Cassidy laughed, but he backed off, paced back towards the other side of the room. It was hard to say which of them would have the advantage in a fight; Stabler was all hard, heavy muscle, powerful, but Cassidy wasn't exactly weak-looking, either. Stabler looked like a boxer in an expensive suit but Cassidy looked like a back alley brawler, like he wouldn't be afraid to fight dirty, and son of a bitch, but Ayanna hadn't checked him for weapons when she brought him in. The DA's investigators didn't carry, but Cassidy looked like the kind of man who might keep a knife tucked in the top of his boot. As interesting as this was, Ayanna didn't want to find out for sure; if they didn't get this shit out of their systems soon, she'd have to step in and put a stop to it no matter how much she wanted to know what might happen next.
"Wouldn't you like to know?" Cassidy sneered. He was avoiding the question, though; the answer was probably that Cassidy hadn't been anywhere near Stabler's girl for a while, but he wanted to leave the man twisting over it. "You fucking prick," he added as an afterthought. "That just burns you up inside, doesn't it? You're the one who walked out and you still don't want to let anyone else have her. You know she fucked Tucker, too, right?"
The only Tucker Ayanna had ever run into was that son of a bitch from IAB. Everybody hated that guy. She remembered him vaguely, iron-grey hair and a thick neck, Irish Catholic and an absolute bastard to every cop who crossed his path, she'd never heard anyone say a good word about that Tucker. Surely it wasn't the same one? It was hard to imagine anybody having sex with him, but this Liv, she'd been with Cassidy, and she'd had some kind of something with Stabler, so maybe her judgment when it came to men wasn't the best. Still, though, she thought. Surely not that Tucker.
Inside the room Stabler seemed equally surprised, and doubly as disgusted.
"I don't have to listen to this-" he was actually turning towards the door, like he meant to end the conversation himself. If he did that would be a relief; it would spare Ayanna the trouble of having to pull him up short herself.
"Yeah, that's right, your old buddy from IAB, that prick is the closest thing her kid ever had to a dad."
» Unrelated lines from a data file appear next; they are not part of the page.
lemma eigenvalues_finite_card_le:
  assumes "(A :: 'a::field mat) \<in> carrier_mat n n"
  shows "finite {\<mu>. eigenvalue A \<mu>}" and "card {\<mu>. eigenvalue A \<mu>} \<le> n"
proof -
  have roots: "{\<mu>. eigenvalue A \<mu>} = {\<mu>. poly (char_poly A) \<mu> = 0}"
    using eigenvalue_root_char_poly[OF assms] by auto
  have "degree (char_poly A) = n" "char_poly A \<noteq> 0"
    using degree_monic_char_poly[OF assms] by auto
  then show "finite {\<mu>. eigenvalue A \<mu>}" "card {\<mu>. eigenvalue A \<mu>} \<le> n"
    unfolding roots using poly_roots_finite card_poly_roots_bound by metis+
qed

lemma card_eigenvalues_eqI:
  assumes A: "(A :: 'a::field mat) \<in> carrier_mat n n" and g: "inj_on g I" "\<And>p. p \<in> I \<Longrightarrow> eigenvalue A (g p)"
    and I: "card I = n"
  shows "card {\<mu>. eigenvalue A \<mu>} = n"
  using card_inj_on_le[OF g(1) _ eigenvalues_finite_card_le(1)[OF A]] g(2)
    eigenvalues_finite_card_le(2)[OF A] I
  by fastforce

lemma card_eigenvalues_map_of_real:
  assumes A: "A \<in> carrier_mat n n" and card: "card {x::real. eigenvalue A x} = n"
  shows "card {\<mu>::complex. eigenvalue (map_mat of_real A) \<mu>} = n"
  using card by (intro card_eigenvalues_eqI[of _ n complex_of_real "{x. eigenvalue A x}"])
    (use A of_real_hom.eigenvalue_hom in \<open>auto simp: inj_on_def\<close>)

lemma smult_one_mat_mult_vec:
  fixes v :: "'a::comm_semiring_1 vec"
  shows "v \<in> carrier_vec n \<Longrightarrow> (c \<cdot>\<^sub>m 1\<^sub>m n) *\<^sub>v v = c \<cdot>\<^sub>v v"
  by (auto simp: scalar_prod_def mult_delta_left mult_delta_right intro!: eq_vecI)

definition row_select_mat :: "nat set \<Rightarrow> 'a mat \<Rightarrow> 'a mat \<Rightarrow> 'a mat" where
  "row_select_mat B A C =
     mat (dim_row A) (dim_col A) (\<lambda>(i, j). if i \<in> B then A $$ (i, j) else C $$ (i, j))"

lemma row_select_mat_carrier:
  "A \<in> carrier_mat n m \<Longrightarrow> row_select_mat B A C \<in> carrier_mat n m"
  by (simp add: row_select_mat_def)

lemma row_select_mat_mult_vec:
  assumes "A \<in> carrier_mat n m" "C \<in> carrier_mat n m" "v \<in> carrier_vec m" "i < n"
  shows "(row_select_mat B A C *\<^sub>v v) $ i = (if i \<in> B then (A *\<^sub>v v) $ i else (C *\<^sub>v v) $ i)"
  using assms by (auto simp: row_select_mat_def scalar_prod_def)

lemma eventually_uniformly_close_on_compact:
  fixes F :: "'a::metric_space \<Rightarrow> 'b::heine_borel \<Rightarrow> 'c::metric_space"
  assumes cont: "continuous_on UNIV (\<lambda>p. F (fst p) (snd p))" and K: "compact K" and e: "e > 0"
  shows "\<forall>\<^sub>F y in nhds y0. \<forall>x\<in>K. dist (F x y) (F x y0) < e"
proof -
  have "uniformly_continuous_on (K \<times> cball y0 1) (\<lambda>p. F (fst p) (snd p))"
    using K by (intro compact_uniformly_continuous continuous_on_subset[OF cont] compact_Times) auto
  then obtain \<delta> where \<delta>: "\<delta> > 0"
    and close: "\<And>p p'. p \<in> K \<times> cball y0 1 \<Longrightarrow> p' \<in> K \<times> cball y0 1 \<Longrightarrow> dist p' p < \<delta> \<Longrightarrow>
      dist (F (fst p') (snd p')) (F (fst p) (snd p)) < e"
    unfolding uniformly_continuous_on_def using e by metis
  show ?thesis
    unfolding eventually_nhds_metric
  proof (intro exI[of _ "min \<delta> 1"] conjI allI impI ballI)
    fix y x assume "dist y y0 < min \<delta> 1" "x \<in> K"
    then show "dist (F x y) (F x y0) < e"
      using close[of "(x, y0)" "(x, y)"] by (simp add: dist_Pair_Pair dist_commute)
  qed (use \<delta> in simp)
qed

lemma minimum_modulus_frontier:
  assumes hol: "f holomorphic_on interior S" and cont: "continuous_on (closure S) f"
    and "bounded S" and nonzero: "\<And>z. z \<in> closure S \<Longrightarrow> f z \<noteq> 0"
    and frontier: "\<And>z. z \<in> frontier S \<Longrightarrow> m \<le> norm (f z)" and "\<xi> \<in> S" and m: "m > 0"
  shows "m \<le> norm (f \<xi>)"
proof -
  have "norm (inverse (f \<xi>)) \<le> inverse m"
  proof (rule maximum_modulus_frontier[where f = "\<lambda>z. inverse (f z)"])
    have "f z \<noteq> 0" if "z \<in> interior S" for z
      using nonzero that interior_subset closure_subset by blast
    then show "(\<lambda>z. inverse (f z)) holomorphic_on interior S"
      using hol by (intro holomorphic_intros)
    show "continuous_on (closure S) (\<lambda>z. inverse (f z))"
      using cont nonzero by (auto intro!: continuous_intros)
    show "norm (inverse (f z)) \<le> inverse m" if "z \<in> frontier S" for z
      using frontier[OF that] m by (simp add: norm_inverse le_imp_inverse_le)
  qed fact+
  then show ?thesis
    using nonzero[of \<xi>] closure_subset \<open>\<xi> \<in> S\<close> m inverse_le_imp_le[of "norm (f \<xi>)" m]
    by (auto simp: norm_inverse)
qed

lemma holomorphic_zero_persists:
  fixes F :: "complex \<Rightarrow> 'a::heine_borel \<Rightarrow> complex"
  assumes cont: "continuous_on UNIV (\<lambda>p. F (fst p) (snd p))"
    and hol: "\<And>y. (\<lambda>z. F z y) holomorphic_on ball z0 r"
    and r: "r > 0" and zero: "F z0 y0 = 0"
    and sphere: "\<And>z. z \<in> sphere z0 r \<Longrightarrow> F z y0 \<noteq> 0"
  shows "\<forall>\<^sub>F y in nhds y0. \<exists>z\<in>ball z0 r. F z y = 0"
proof -
  have cont_z: "continuous_on S (\<lambda>z. F z y)" for S y
    by (rule continuous_on_compose2[OF cont, of S "\<lambda>z. (z, y)", simplified])
      (auto intro!: continuous_intros)
  obtain z1 where z1: "z1 \<in> sphere z0 r"
    and min: "\<And>z. z \<in> sphere z0 r \<Longrightarrow> norm (F z1 y0) \<le> norm (F z y0)"
    using continuous_attains_inf[of "sphere z0 r" "\<lambda>z. norm (F z y0)"] r
      continuous_on_norm[OF cont_z] by auto
  define m where "m = norm (F z1 y0)"
  have m: "m > 0"
    using sphere[OF z1] by (simp add: m_def)
  have "\<forall>\<^sub>F y in nhds y0. \<forall>z\<in>cball z0 r. dist (F z y) (F z y0) < m / 2"
    using m by (intro eventually_uniformly_close_on_compact[OF cont]) auto
  then show ?thesis
  proof eventually_elim
    case (elim y)
    show ?case
    proof (rule ccontr)
      assume no_zero: "\<not> (\<exists>z\<in>ball z0 r. F z y = 0)"
      have large: "m / 2 \<le> norm (F z y)" if z: "z \<in> sphere z0 r" for z
      proof -
        have "dist (F z y) (F z y0) < m / 2"
          using elim z by auto
        then show ?thesis
          using min[OF z] norm_triangle_ineq2[of "F z y0" "F z y"]
          by (simp add: m_def dist_norm norm_minus_commute)
      qed
      have "m / 2 \<le> norm (F z0 y)"
      proof (rule minimum_modulus_frontier[where f = "\<lambda>z. F z y" and S = "cball z0 r"])
        show "F z y \<noteq> 0" if "z \<in> closure (cball z0 r)" for z
          using that no_zero large[of z] m by (cases "dist z0 z < r") (auto simp: dist_commute)
        show "(\<lambda>z. F z y) holomorphic_on interior (cball z0 r)"
          using hol by simp
        show "m / 2 \<le> norm (F z y)" if "z \<in> frontier (cball z0 r)" for z
          using large that r by simp
      qed (use cont_z r m in auto)
      moreover have "norm (F z0 y) < m / 2"
        using elim[rule_format, of z0] r zero by (simp add: dist_norm)
      ultimately show False by simp
    qed
  qed
qed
Jesus. It was that Tucker. Who is this woman? Ayanna wondered. Was she still a cop? She must have been, if she'd hooked up with Tucker - how else would they have crossed paths with each other? - but what cop in her right mind would lay down with a rat? And what was this about her kid? The kid must have come from somewhere, but he wasn't Cassidy's, based on the way he'd said her kid. Like it was nothing to do with him. Whoever this Liv was, Ayanna was starting to think it would be worth a trip to track her down and get a drink with her. The woman probably had some stories to tell, stories worth hearing.
"And he ate his gun last year." Ayanna remembered hearing something about that, and suddenly she felt the smallest stab of guilt. When she was young her mother used to say you shouldn't speak ill of the dead, and a part of her remembered every piece of advice her mother had ever given her. Had they still been together, Liv and Tucker, when he died? For the woman's sake Ayanna hoped not; it seemed to her that Liv had probably suffered enough. But Cassidy wasn't done yet, and Stabler was just listening, ashen faced, as the tirade carried on.
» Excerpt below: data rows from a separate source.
lemma fixed_point_map_cball: "y \<in> cball 0 radius \<Longrightarrow> fixed_point_map y \<in> cball 0 radius"
proof -
  let ?c = "\<bar>v \<bullet> u\<bar> - radius"
  assume y: "y \<in> cball 0 radius"
  have "norm (perp (u + y)) \<le> 1 + radius"
    using norm_perp_le[of "u + y"] norm_triangle_ineq[of u y] norm_u y by simp
  then have "norm (g *v perp (u + y)) \<le> sigma g * opnorm g * (1 + radius)"
    using norm_image_perp_le[of "u + y"] sigma_nonneg[of g] opnorm_nonneg[of g]
    by (meson mult_left_mono mult_nonneg_nonneg order_trans)
  moreover have "opnorm g * ?c \<le> \<bar>opnorm g * (v \<bullet> (u + y))\<bar>"
    using abs_inner_v_u_add_ge[OF y] opnorm_positive by (simp add: abs_mult)
  moreover have "0 < ?c" using radius_arith(1) eps_pos by linarith
  ultimately have "norm (g *v perp (u + y)) / \<bar>opnorm g * (v \<bullet> (u + y))\<bar>
      \<le> sigma g * opnorm g * (1 + radius) / (opnorm g * ?c)"
    using opnorm_positive sigma_nonneg[of g] radius_nonneg by (intro frac_le) simp_all
  then have "norm (fixed_point_map y) \<le> sigma g * opnorm g * (1 + radius) / (opnorm g * ?c)"
    unfolding fixed_point_map_def norm_scaleR abs_divide abs_one by simp
  also have "\<dots> \<le> radius"
    using radius_arith(2) \<open>0 < ?c\<close> opnorm_positive by (simp add: divide_le_eq mult.commute)
  finally show ?thesis by simp
qed

lemma eigenvector_near_u:
  obtains y where "u \<bullet> y = 0" "norm y \<le> radius"
    "g *v (u + y) = (opnorm g * (v \<bullet> (u + y))) *\<^sub>R (u + y)"
    "5 * eps / 8 \<le> \<bar>v \<bullet> (u + y)\<bar>"
proof -
  obtain y where y: "y \<in> cball 0 radius" and "fixed_point_map y = y"
    using brouwer[OF compact_cball convex_cball _ continuous_on_fixed_point_map]
      fixed_point_map_cball radius_nonneg by auto
  with inner_v_u_add_nonzero[OF y] have "u \<bullet> y = 0"
    and "g *v (u + y) = (opnorm g * (v \<bullet> (u + y))) *\<^sub>R (u + y)"
    by (blast intro: eigenvector_if_fixed_point)+
  moreover have "5 * eps / 8 \<le> \<bar>v \<bullet> (u + y)\<bar>"
    using abs_inner_v_u_add_ge[OF y] radius_arith(1) by linarith
  ultimately show ?thesis using that y by simp
qed

lemma norm_eigenvector_near_u:
  assumes "u \<bullet> y = 0" "norm y \<le> radius" "5 * eps / 8 \<le> \<bar>v \<bullet> (u + y)\<bar>"
  shows "1 \<le> norm (u + y)" and "eps\<^sup>2 * norm (u + y) \<le> 4 * (v \<bullet> (u + y))\<^sup>2"
proof -
  show "1 \<le> norm (u + y)"
    by (rule power2_le_imp_le) (simp_all add: norm_u_add_orthogonal_squared[OF assms(1)])
  have "norm (u + y) \<le> 5 / 4"
    using norm_triangle_ineq[of u y] norm_u assms(2) radius_le eps_le_1 by linarith
  then have "eps\<^sup>2 * norm (u + y) \<le> eps\<^sup>2 * (5 / 4)" by (rule mult_left_mono) simp
  also have "\<dots> \<le> 4 * (5 * eps / 8)\<^sup>2" by (simp add: power_divide power_mult_distrib)
  also have "\<dots> \<le> 4 * (v \<bullet> (u + y))\<^sup>2"
    using power_mono[OF assms(3), of 2] eps_pos by simp
  finally show "eps\<^sup>2 * norm (u + y) \<le> 4 * (v \<bullet> (u + y))\<^sup>2" .
qed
"You know her brother died, too, right? And you weren't there for any of it. Bet that makes you feel like a piece of shit."
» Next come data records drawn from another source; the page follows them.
lemma harm_part_bounds:
  shows "(1 - ratio n ^ k) / real (n + 2) \<le> harm_part k n"
    and "harm_part k n \<le> (1 - ratio (Suc n) ^ k) / real (Suc n)"
proof -
  define N where "N = real (Suc n)"
  define a where "a = ratio n"
  define b where "b = ratio (Suc n)"
  have N: "1 \<le> N" by (simp add: N_def)
  have a: "a = 1 - 1 / N" and b: "b = 1 - 1 / (N + 1)"
    by (simp_all add: a_def b_def N_def ratio_def)
  have "0 \<le> a" "a \<le> b" using N by (simp_all add: a b field_simps)
  note bounds = power_Suc_diff_bounds[OF this]
  have "b - a = (1 - a) / (N + 1)"
    using N by (simp add: a b field_simps)
  then have geometric_a: "(\<Sum>i<k. a^i * (b - a)) = (1 - a^k) / (N + 1)"
    unfolding sum_distrib_right[symmetric] one_diff_power_eq by simp
  have "b - a = (1 - b) / N"
    using N by (simp add: a b field_simps)
  then have geometric_b: "(\<Sum>i<k. b^i * (b - a)) = (1 - b^k) / N"
    unfolding sum_distrib_right[symmetric] one_diff_power_eq by simp
  have "(1 - a^k) / (N + 1) \<le> harm_part k n"
    unfolding harm_part_eq a_def[symmetric] b_def[symmetric] geometric_a[symmetric]
    by (intro sum_mono bounds(1))
  then show "(1 - ratio n ^ k) / real (n + 2) \<le> harm_part k n"
    by (simp add: a_def N_def add.commute)
  have "harm_part k n \<le> (1 - b^k) / N"
    unfolding harm_part_eq a_def[symmetric] b_def[symmetric] geometric_b[symmetric]
    by (intro sum_mono bounds(2))
  then show "harm_part k n \<le> (1 - ratio (Suc n) ^ k) / real (Suc n)"
    by (simp add: b_def N_def)
qed

lemma abs_gamma_part_le: "\<bar>gamma_part k n\<bar> \<le> 1 / real (Suc n) ^ 2"
proof -
  define N where "N = real (Suc n)"
  have N: "1 \<le> N" by (simp add: N_def)
  have "0 \<le> ratio n" "ratio n \<le> ratio (Suc n)" "ratio (Suc n) \<le> 1"
    by (simp_all add: ratio_def field_simps)
  then have powers: "0 \<le> ratio n ^ k" "ratio n ^ k \<le> ratio (Suc n) ^ k" "ratio (Suc n) ^ k \<le> 1"
    by (simp_all add: power_mono power_le_one)
  have "0 \<le> (1 - ratio n ^ k) / N - (1 - ratio (Suc n) ^ k) / N"
    using N powers by (simp add: diff_divide_distrib[symmetric])
  also have "\<dots> \<le> gamma_part k n"
    using harm_part_bounds(2)[of k n] by (simp add: gamma_part_def zeta_part_def N_def)
  finally have lower: "0 \<le> gamma_part k n" .
  have "gamma_part k n \<le> (1 - ratio n ^ k) / N - (1 - ratio n ^ k) / (N + 1)"
    using harm_part_bounds(1)[of n k] by (simp add: gamma_part_def zeta_part_def N_def add.commute)
  also have "\<dots> = (1 - ratio n ^ k) / (N * (N + 1))"
    using N by (simp add: field_simps)
  also have "\<dots> \<le> 1 / (N * N)"
    using N powers by (intro frac_le) auto
  finally show ?thesis
    using lower by (simp add: N_def power2_eq_square)
qed

lemma log_partial_tendsto: "(\<lambda>k. log_partial k n) \<longlonglongrightarrow> ln (real (Suc n))"
proof -
  have "0 \<le> ratio n" "ratio n < 1"
    by (simp_all add: ratio_def field_simps)
  then have "(\<lambda>j. - ((- (- ratio n))^j) / of_nat j) sums ln (1 + - ratio n)"
    by (intro ln_series') auto
  then have "(\<lambda>j. ratio n ^ j / real j) sums ln (real (Suc n))"
    using sums_minus by (fastforce simp: ratio_def ln_div)
  then have "(\<lambda>k. \<Sum>j<Suc k. ratio n ^ j / real j) \<longlonglongrightarrow> ln (real (Suc n))"
    unfolding sums_def by (rule LIMSEQ_Suc)
  then show ?thesis
    by (simp add: log_partial_def lessThan_Suc_atMost)
qed

lemma gamma_part_tendsto:
  "(\<lambda>k. gamma_part k n) \<longlonglongrightarrow> inverse (real (n + 1)) + ln (real (n + 1)) - ln (real (n + 2))"
proof -
  have "0 \<le> ratio n" "ratio n < 1"
    by (simp_all add: ratio_def field_simps)
  then have "(\<lambda>k. zeta_part k n) \<longlonglongrightarrow> (1 - 0) / real (Suc n)"
    unfolding zeta_part_def by (intro tendsto_intros LIMSEQ_power_zero) auto
  moreover have "(\<lambda>k. harm_part k n) \<longlonglongrightarrow> ln (real (Suc (Suc n))) - ln (real (Suc n))"
    unfolding harm_part_def by (intro tendsto_diff log_partial_tendsto)
  ultimately have "(\<lambda>k. gamma_part k n)
      \<longlonglongrightarrow> (1 - 0) / real (Suc n) - (ln (real (Suc (Suc n))) - ln (real (Suc n)))"
    unfolding gamma_part_def by (rule tendsto_diff)
  then show ?thesis
    by (simp add: inverse_eq_divide algebra_simps)
qed

lemma RHS5_eq_suminf_gamma_part: "RHS5 k = (\<Sum>n. gamma_part k n)"
proof -
  have "(\<lambda>n. gamma_part k n) sums
      ((\<Sum>i<k. (-1)^i * real (k choose Suc i) * zeta_nat (i + 2)) - harm k)"
    unfolding gamma_part_def by (intro sums_diff zeta_part_sums harm_part_sums)
  then show ?thesis
    by (simp add: RHS5_eq sums_iff)
qed

lemma RHS5_tendsto_euler_mascheroni: "RHS5 \<longlonglongrightarrow> euler_mascheroni"
proof -
  have "summable (\<lambda>n. 1 / real (Suc n) ^ 2)"
    by (rule summable_inverse_Suc_power) simp
  then have "(\<lambda>k. \<Sum>n. gamma_part k n)
      \<longlonglongrightarrow> (\<Sum>n. inverse (real (n + 1)) + ln (real (n + 1)) - ln (real (n + 2)))"
    using tannerys_theorem[where a = "\<lambda>n k. gamma_part k n" and F = sequentially
        and b = "\<lambda>n. inverse (real (n + 1)) + ln (real (n + 1)) - ln (real (n + 2))"
        and M = "\<lambda>n. 1 / real (Suc n) ^ 2"]
      gamma_part_tendsto abs_gamma_part_le
    by (auto intro: always_eventually)
  then show ?thesis
    using euler_mascheroni_sum_real by (simp add: RHS5_eq_suminf_gamma_part[abs_def] sums_iff)
qed

theorem mainTheorem5:
  shows "(\<forall>k::nat. 0 < k \<and> 4 dvd k \<longrightarrow> Determinant.det (A1_mat k) = RHS5 k)
       \<and> (\<lambda>n. RHS5 (4 * Suc n)) \<longlonglongrightarrow> euler_mascheroni"
proof (intro conjI allI impI)
  fix k :: nat
  assume "0 < k \<and> 4 dvd k"
  then show "Determinant.det (A1_mat k) = RHS5 k"
    by (simp add: det_A1_mat det_A_mat_mult_4)
next
  have "strict_mono (\<lambda>n::nat. 4 * Suc n)"
    by (simp add: strict_mono_def)
  with RHS5_tendsto_euler_mascheroni show "(\<lambda>n. RHS5 (4 * Suc n)) \<longlonglongrightarrow> euler_mascheroni"
    by (rule LIMSEQ_subseq_LIMSEQ[unfolded comp_def])
qed

end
Kidnapped, tortured, a fatherless child, Cassidy, Tucker's suicide, losing her brother; Christ, how much could one woman endure? In the years since Stabler left SVU, apparently his former partner had been through hell, and the agonized expression on Stabler's face articulated his own grief at the thought. It looked like he was coming out of his own skin; he couldn't stand still, kept running his hand over his head, pacing in the corner, twitching just a little. Ayanna felt kinda bad for the guy, now; he hadn't counted on any of this when he walked into that room.
Had he?
Or had he known, she wondered; was that why he'd reacted the way he did when he saw Cassidy's face? Because he'd known a reckoning was coming, because he knew he'd have to listen to the recitation of his own sins, because he knew he'd have to let Cassidy air his grievances, because he knew there were horrors that lurked in the past he had yet to atone for? His shoulders were already bowed beneath the weight of his grief for his wife; was he strong enough to carry this Liv's pain, too, or would her devastation be the thing that broke him, in the end? Ayanna needed the man in one piece; he was a cowboy, but he was a damn good investigator, and the most seasoned member of her team. If she was gonna bring Wheatley down, she needed Stabler with her, and she'd just gone and put him in a room with a man determined to shatter him into pieces, as payback for his own broken heart.
"Cassidy-"
"You wanna know what happened? What happened when you weren't here to watch her back?"
The tortured look on Stabler's face said no, but he was a cop. Whatever Cassidy had to say, whatever details he was keeping in his back pocket, Stabler would need to hear them, no matter how much it hurt. And Ayanna wanted to hear them, too. She wanted to know what had happened to this woman, this woman Stabler had cared for, this woman Cassidy had cared for.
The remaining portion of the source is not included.